lemma L2_inner_square_le:
  assumes "square_integrable M u" "square_integrable M v"
  shows "(L2_inner M u v)\<^sup>2 \<le> L2_sqnorm M u * L2_sqnorm M v"
proof -
  let ?b = "L2_inner M u v"
  have quadratic: "0 \<le> L2_sqnorm M u - 2 * t * ?b + t\<^sup>2 * L2_sqnorm M v" for t
    using L2_sqnorm_lincomb[OF assms, where a=1 and b="-t"] L2_sqnorm_nonneg[of M "\<lambda>x. u x - t * v x"] by simp
  show ?thesis
  proof (cases "L2_sqnorm M v = 0")
    case True
    have "?b = 0"
    proof (rule ccontr)
      assume "?b \<noteq> 0"
      then show False
        using quadratic[of "(L2_sqnorm M u + 1) / (2 * ?b)"] True by (simp add: field_simps)
    qed
    then show ?thesis by (simp add: L2_sqnorm_nonneg)
  next
    case False
    then have pos: "0 < L2_sqnorm M v" using L2_sqnorm_nonneg[of M v] by simp
    have "0 \<le> L2_sqnorm M u - 2 * (?b / L2_sqnorm M v) * ?b + (?b / L2_sqnorm M v)\<^sup>2 * L2_sqnorm M v"
      by (rule quadratic)
    also have "\<dots> = L2_sqnorm M u - ?b\<^sup>2 / L2_sqnorm M v"
      using pos by (simp add: field_simps power2_eq_square)
    finally show ?thesis using pos by (simp add: field_simps)
  qed
qed

lemma abs_L2_inner_le:
  assumes "square_integrable M u" "square_integrable M v"
  shows "\<bar>L2_inner M u v\<bar> \<le> sqrt (L2_sqnorm M u) * sqrt (L2_sqnorm M v)"
  using real_sqrt_le_mono[OF L2_inner_square_le[OF assms]] by (simp add: real_sqrt_mult)

lemma L2_sqnorm_tendsto:
  assumes p: "square_integrable M p" and u: "\<And>n. square_integrable M (u n)"
    and lim: "(\<lambda>n. L2_sqnorm M (\<lambda>x. u n x - p x)) \<longlonglongrightarrow> 0"
  shows "(\<lambda>n. L2_sqnorm M (u n)) \<longlonglongrightarrow> L2_sqnorm M p"
proof -
  define d where "d n = (\<lambda>x. u n x - p x)" for n
  have d: "square_integrable M (d n)" for n
    unfolding d_def by (rule square_integrable_diff[OF u p])
  have expand: "L2_sqnorm M (u n) = L2_sqnorm M p + 2 * L2_inner M p (d n) + L2_sqnorm M (d n)" for n
    using L2_sqnorm_lincomb[OF p d, where a=1 and b=1] by (simp add: d_def)
  have "(\<lambda>n. L2_inner M p (d n)) \<longlonglongrightarrow> 0"
  proof (rule Lim_null_comparison)
    show "\<forall>\<^sub>F n in sequentially. norm (L2_inner M p (d n)) \<le> sqrt (L2_sqnorm M p) * sqrt (L2_sqnorm M (d n))"
      using abs_L2_inner_le[OF p d] by simp
    have "(\<lambda>n. sqrt (L2_sqnorm M p) * sqrt (L2_sqnorm M (d n))) \<longlonglongrightarrow> sqrt (L2_sqnorm M p) * sqrt 0"
      using lim unfolding d_def by (intro tendsto_mult tendsto_const tendsto_real_sqrt)
    then show "(\<lambda>n. sqrt (L2_sqnorm M p) * sqrt (L2_sqnorm M (d n))) \<longlonglongrightarrow> 0"
      by simp
  qed
  then have "(\<lambda>n. L2_sqnorm M p + 2 * L2_inner M p (d n) + L2_sqnorm M (d n)) \<longlonglongrightarrow> L2_sqnorm M p + 2 * 0 + 0"
    using lim unfolding d_def by (intro tendsto_add tendsto_mult tendsto_const)
  then show ?thesis by (simp add: expand)
qed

— ABOUT THIS EXERCISE —
Give back exactly the lines from the beginning of the records through the line containing "using L2_sqnorm_lincomb[OF assms, where", and only those.

— SOLUTION TO THE EXERCISE —
lemma L2_inner_square_le:
  assumes "square_integrable M u" "square_integrable M v"
  shows "(L2_inner M u v)\<^sup>2 \<le> L2_sqnorm M u * L2_sqnorm M v"
proof -
  let ?b = "L2_inner M u v"
  have quadratic: "0 \<le> L2_sqnorm M u - 2 * t * ?b + t\<^sup>2 * L2_sqnorm M v" for t
    using L2_sqnorm_lincomb[OF assms, where a=1 and b="-t"] L2_sqnorm_nonneg[of M "\<lambda>x. u x - t * v x"] by simp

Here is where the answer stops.